The term conjoint analysis has been used in market research as a statistical technique to determine how people would value various attributes such as benefits, feature and function, making up a product or service. This is intended to determine which combination of limited attributes is most prominent based on the choice of respondents.
This method is used using a controlled set of products or services that will be presented to respondents. It will analyze how the respondents make preferences between the products in order to determine implicit valuation of individual elements. Such implicit valuations can be utilized in the creation of market models that should be able to estimate revenue, market share, and profitability.
The procedure of conjoint analysis involves the gathering of data through marketing research survey. However, conjoint analysis can likewise be applicable for carefully designed data or configurator from the test market experiment.

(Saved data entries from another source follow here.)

lemma outer_product_scaleR_left: "outer_product (c *\<^sub>R u) v = c *\<^sub>R outer_product (u :: real^'m) (v :: real^'n)"
  by (simp add: outer_product_def vec_eq_iff mult.assoc)

lemma norm_outer_product: "norm (outer_product u v) = norm (u :: real^'m) * norm (v :: real^'n)"
proof -
  have "norm (outer_product u v $ i) = \<bar>u$i\<bar> * norm v" for i
    by (simp add: outer_product_def norm_vec_def L2_set_right_distrib abs_mult flip: L2_set_left_distrib)
  then show ?thesis
    by (simp add: norm_vec_def[of "outer_product u v"] norm_vec_def[of u] L2_set_left_distrib)
qed

lemma norm_matrix_vector_mult_le: "norm (A *v x) \<le> norm (A :: real^'n^'m) * norm x"
proof -
  have "norm (A *v x) = L2_set (\<lambda>i. \<bar>A$i \<bullet> x\<bar>) UNIV"
    by (simp add: norm_vec_def matrix_vector_mul_component)
  also have "\<dots> \<le> L2_set (\<lambda>i. norm (A$i) * norm x) UNIV"
    by (intro L2_set_mono Cauchy_Schwarz_ineq2) auto
  also have "\<dots> = norm A * norm x"
    by (simp add: norm_vec_def[of A] L2_set_left_distrib)
  finally show ?thesis .
qed

lemma norm_transpose: "norm (transpose A) = norm (A :: real^'n^'m)"
proof -
  have sq: "(norm B)\<^sup>2 = (\<Sum>i\<in>UNIV. \<Sum>j\<in>UNIV. (B$i$j)\<^sup>2)" for B :: "real^'k^'l"
    by (simp add: norm_vec_def L2_set_def sum_nonneg)
  have "(norm (transpose A))\<^sup>2 = (norm A)\<^sup>2"
    unfolding sq by (simp add: transpose_def) (rule sum.swap)
  then show ?thesis by simp
qed

definition perp :: "real^2 \<Rightarrow> real^2" where
  "perp v = vector [- v$2, v$1]"

lemma inner_vec2: "(u :: real^2) \<bullet> v = u$1 * v$1 + u$2 * v$2"
  by (simp add: inner_vec_def sum_2)

lemma power2_norm_vec2: "(norm (v :: real^2))\<^sup>2 = (v$1)\<^sup>2 + (v$2)\<^sup>2"
  by (simp add: norm_vec_def L2_set_def sum_2)

lemma inner_perp_self: "perp v \<bullet> v = 0"
  by (simp add: perp_def inner_vec2)

lemma norm_perp: "norm (perp v) = norm v"
proof -
  have "(norm (perp v))\<^sup>2 = (norm v)\<^sup>2" by (simp add: power2_norm_vec2 perp_def add.commute)
  then show ?thesis by simp
qed

lemma orthonormal_expansion_perp:
  assumes "norm n = 1"
  shows "x = (perp n \<bullet> x) *\<^sub>R perp n + (n \<bullet> x) *\<^sub>R n"
proof -
  have "(n$1)\<^sup>2 + (n$2)\<^sup>2 = 1" using assms power2_norm_vec2[of n] by simp
  then show ?thesis
    unfolding vec_eq_iff forall_2 by (simp add: perp_def inner_vec2) algebra
qed

lemma matrix_vector_mult_perp_eq_0:
  assumes "norm n = 1" "n \<bullet> t = 0" "t \<noteq> 0" "D *v t = 0"
  shows "D *v perp n = 0"
proof -
  have t: "t = (perp n \<bullet> t) *\<^sub>R perp n"
    using orthonormal_expansion_perp[OF assms(1), of t] assms(2) by simp
  with assms(3) have "perp n \<bullet> t \<noteq> 0" by auto
  moreover have "(perp n \<bullet> t) *\<^sub>R (D *v perp n) = 0"
    using assms(4) t by (metis matrix_vector_mult_scaleR)
  ultimately show ?thesis by simp
qed

lemma traceless_matrix_eq_outer_product_perp:
  fixes D :: "real^2^2"
  assumes "norm n = 1" "D *v perp n = 0" "trace D = 0"
  shows "D = (perp n \<bullet> (D *v n)) *\<^sub>R outer_product (perp n) n"
proof -
  have "D *v x = outer_product (D *v n) n *v x" for x
  proof -
    have "D *v x = D *v ((perp n \<bullet> x) *\<^sub>R perp n + (n \<bullet> x) *\<^sub>R n)"
      using orthonormal_expansion_perp[OF assms(1)] by metis
    then show ?thesis
      using assms(2) by (simp add: matrix_vector_right_distrib matrix_vector_mult_scaleR
          outer_product_mult_vec)
  qed
  then have D: "D = outer_product (D *v n) n" using matrix_eq by blast
  then have "(D *v n) \<bullet> n = 0" using assms(3) trace_outer_product by metis
  then have "D *v n = (perp n \<bullet> (D *v n)) *\<^sub>R perp n"
    using orthonormal_expansion_perp[OF assms(1), of "D *v n"] by (simp add: inner_commute)
  then show ?thesis using D by (metis outer_product_scaleR_left)
qed

lemma stress_mult_vec: "stress \<mu> G q *v n = \<mu> *\<^sub>R ((G + transpose G) *v n) - q *\<^sub>R n"
  by (simp add: stress_def strain_def matrix_vector_mult_diff_rdistrib
      flip: scaleR_matrix_vector_assoc)

lemma matrix_diff_mult_segment_direction_eq_0:
  fixes A B :: "real^'n^'m"
  assumes agree: "\<forall>x\<in>open_segment e1 e2. A *v x + b = B *v x + c" and "e1 \<noteq> e2"
  shows "(A - B) *v (e2 - e1) = 0"
proof -
  define x1 where "x1 = (1/2) *\<^sub>R e1 + (1/2) *\<^sub>R e2"
  define x2 where "x2 = (3/4) *\<^sub>R e1 + (1/4) *\<^sub>R e2"
  have "x1 \<in> open_segment e1 e2" "x2 \<in> open_segment e1 e2"
    unfolding x1_def x2_def in_segment using \<open>e1 \<noteq> e2\<close>
    by (intro conjI exI[of _ "1/2"] exI[of _ "1/4"]; simp)+
  then have "(A - B) *v x1 = c - b" "(A - B) *v x2 = c - b"
    using agree by (auto simp: algebra_simps)
  then have "(A - B) *v (x1 - x2) = 0" by (simp add: matrix_vector_mult_diff_distrib)
  moreover have "x1 - x2 = (1/4) *\<^sub>R (e2 - e1)"
    unfolding x1_def x2_def by (simp add: vec_eq_iff field_simps)
  ultimately show ?thesis by (simp add: matrix_vector_mult_scaleR)
qed

lemma ife_gradient_jump_eq_outer_product:
  assumes ife: "ife \<mu>p \<mu>m e1 e2 n Ap bp qp Am bm qm"
    and "e1 \<noteq> e2" "norm n = 1" "n \<bullet> (e2 - e1) = 0"
  shows "Ap - Am = (perp n \<bullet> ((Ap - Am) *v n)) *\<^sub>R outer_product (perp n) n"
proof (rule traceless_matrix_eq_outer_product_perp)
  have "(Ap - Am) *v (e2 - e1) = 0"
    using ife \<open>e1 \<noteq> e2\<close> unfolding ife_def by (blast intro: matrix_diff_mult_segment_direction_eq_0)
  then show "(Ap - Am) *v perp n = 0"
    using assms(2-4) by (intro matrix_vector_mult_perp_eq_0) auto
  show "trace (Ap - Am) = 0"
    using ife unfolding ife_def by (simp add: trace_def sum_subtractf)
qed fact

lemma ife_gradient_jump_coefficient:
  assumes ife: "ife \<mu>p \<mu>m e1 e2 n Ap bp qp Am bm qm"
    and "e1 \<noteq> e2" "norm n = 1" "n \<bullet> (e2 - e1) = 0"
  shows "\<mu>p * (perp n \<bullet> ((Ap - Am) *v n)) = (\<mu>m - \<mu>p) * (perp n \<bullet> ((Am + transpose Am) *v n))"
proof -
  define \<tau> where "\<tau> = perp n"
  define \<alpha> where "\<alpha> = \<tau> \<bullet> ((Ap - Am) *v n)"
  define S where "S = Am + transpose Am"
  have D: "Ap - Am = \<alpha> *\<^sub>R outer_product \<tau> n"
    unfolding \<alpha>_def \<tau>_def by (rule ife_gradient_jump_eq_outer_product[OF assms])
  have \<tau>n: "\<tau> \<bullet> n = 0" "\<tau> \<bullet> \<tau> = 1" "n \<bullet> n = 1"
    unfolding \<tau>_def using assms(3) by (auto simp: inner_perp_self norm_perp simp flip: norm_eq_1)
  have tangential: "\<tau> \<bullet> (stress \<mu> G q *v n) = \<mu> * (\<tau> \<bullet> ((G + transpose G) *v n))" for \<mu> G q
    using \<tau>n by (simp add: stress_mult_vec inner_diff_right)
  have "Ap + transpose Ap = S + (Ap - Am) + transpose (Ap - Am)"
    unfolding S_def by (simp add: transpose_def vec_eq_iff)
  then have sym: "(Ap + transpose Ap) *v n = S *v n + \<alpha> *\<^sub>R \<tau>"
    using D \<tau>n by (simp add: transpose_scalar transpose_outer_product outer_product_mult_vec
        matrix_vector_mult_add_rdistrib inner_commute flip: scaleR_matrix_vector_assoc)
  have "stress \<mu>p Ap qp *v n = stress \<mu>m Am qm *v n"
    using ife unfolding ife_def by blast
  then have "\<mu>p * (\<tau> \<bullet> ((Ap + transpose Ap) *v n)) = \<mu>m * (\<tau> \<bullet> (S *v n))"
    unfolding S_def by (metis tangential)
  then have "\<mu>p * (\<tau> \<bullet> (S *v n) + \<alpha>) = \<mu>m * (\<tau> \<bullet> (S *v n))"
    using sym \<tau>n by (simp add: inner_add_right)
  then show ?thesis
    unfolding \<alpha>_def \<tau>_def S_def by (simp add: algebra_simps)
qed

Basically, you can gain thorough understanding about the market and the value or your services or products as how respondents see it. This can be viewed on a listing showing attribute levels and corresponding utilities that should be calculated for certain attribute levels.
With this method, it can also be useful to run market simulations in order to predict the reaction of the market with regards to different scenarios. For instance, you can receive your own program for simulation. Thus, you and your managers will be able to make their own scenarios based on the market. This will enable you to see how the market has reacted in response to price cuts, new products, and other changes.
List of Advantages of Conjoint Analysis
1. Brand Equity
The method of conjoint analysis is perfect for measuring value of brand names related to competing brands. Unlike other methods of measurement for brand equity, conjoint analysis should be able to obtain information regarding brand strength or popularity compared to specific product prices and features.
It may not be enough to have only a dominant brand name if majority of the market is price sensitive. More so, it is possible to desire a set of features that is enough to offset the investment regarding brand equity. In conjoint analysis, however, it is imperative to make estimates on how the market makes such tradeoffs between specific features, prices, and brands.
2. Useful in Market Segmentation
One of the best techniques to measure the benefits as seen by buyers is the use of conjoint analyses. It is the measurement of the actual and perceived benefits wherein it lies at the center of most of the approaches of market segmentation.
Understanding the value that people put in your services or products will allow you to design marketing programs that should communicate the benefits. It will also enable you to redesign existing products or make new products using the benefits you have in mind.
3. Close Resemblance of Customer Decisions
Customers are able to provide decisions in the market place. This is where they are allowed to look at available alternatives and pick one being preferred more. With conjoint analysis, they can mimic the decision process made by customers. In fact, even if can be difficult to prove, the more it closely resembles real behavior, the more the results will become valid and reliable.
4. Measuring Price Sensitivity
Utilities for price levels will offer one measure of sensitivity of the market or the market segment. Upon the calculation of the interaction between price and the other attributes, it is possible to measure the sensitivity of prices that may vary with respect to the brand name as well as the other attributes. Thus, it is possible to run simulations at different price points so that it will be easier to calculate changes in your own or in your competitor’s prices.
5. Ease of Calculating Attribute Interactions
Brand and price are attribute interactions. When applying conjoint analysis, it can be easier to calculate these attribute interactions, which can be included without increasing the complexity of research design. These are mostly used in choice-based conjoint exercises.
6. Enables Purchase Decisions
Respondents are able to choose none-of-these option in making purchase decisions. This is one of the alternatives which is to walk away even without purchasing anything. In a choice-based conjoint analysis, it will allow the user to include this response on the model and account for this within the calculation of utilities.
List of Disadvantages of Conjoint Analysis
The design of conjoint studies has been considered complex in nature.
2. Resorting to Simplification
In accordance with so many options, respondents are able to resort to simplification strategies.
3. Difficult to Use
There is no procedure for the conversion of perceptions regarding the actual features to perceptions regarding a reduced set of features, which makes it difficult to utilize for the research of product positioning.
4. Inability to Articulate Attitudes
When it comes to new categories, respondents find it hard to articulate attitudes. Moreover, they may feel being forced of thinking regarding the issues they are not supposed to give much attention to.
5. Over- or Undervaluation of Variables
In the event of making poorly designed studies, there is a tendency that the variables will be overvalued or undervalued.
6. Poor Market Share Reading
There is a tendency to provide poor readings of the market share because it did not take into account the quantity of goods per purchase.
If you want to conduct conjoint studies, it will require greater information processing that you can get from respondents compared to traditional survey methods. Thus, you must be able to place conjoint exercise in front of your respondents in order to examine the information and they should proceed using their own pace.
Conjoint studies are basically conducted using mail, disk-by-mail surveys or recruited to a main location to conclude a survey via a computer or paper. As a matter of fact, it will be easier for most businesses aiming to conduct such studies because there are added means of conducting conjoint analysis among high-tech markets, high-income consumers, and businesses.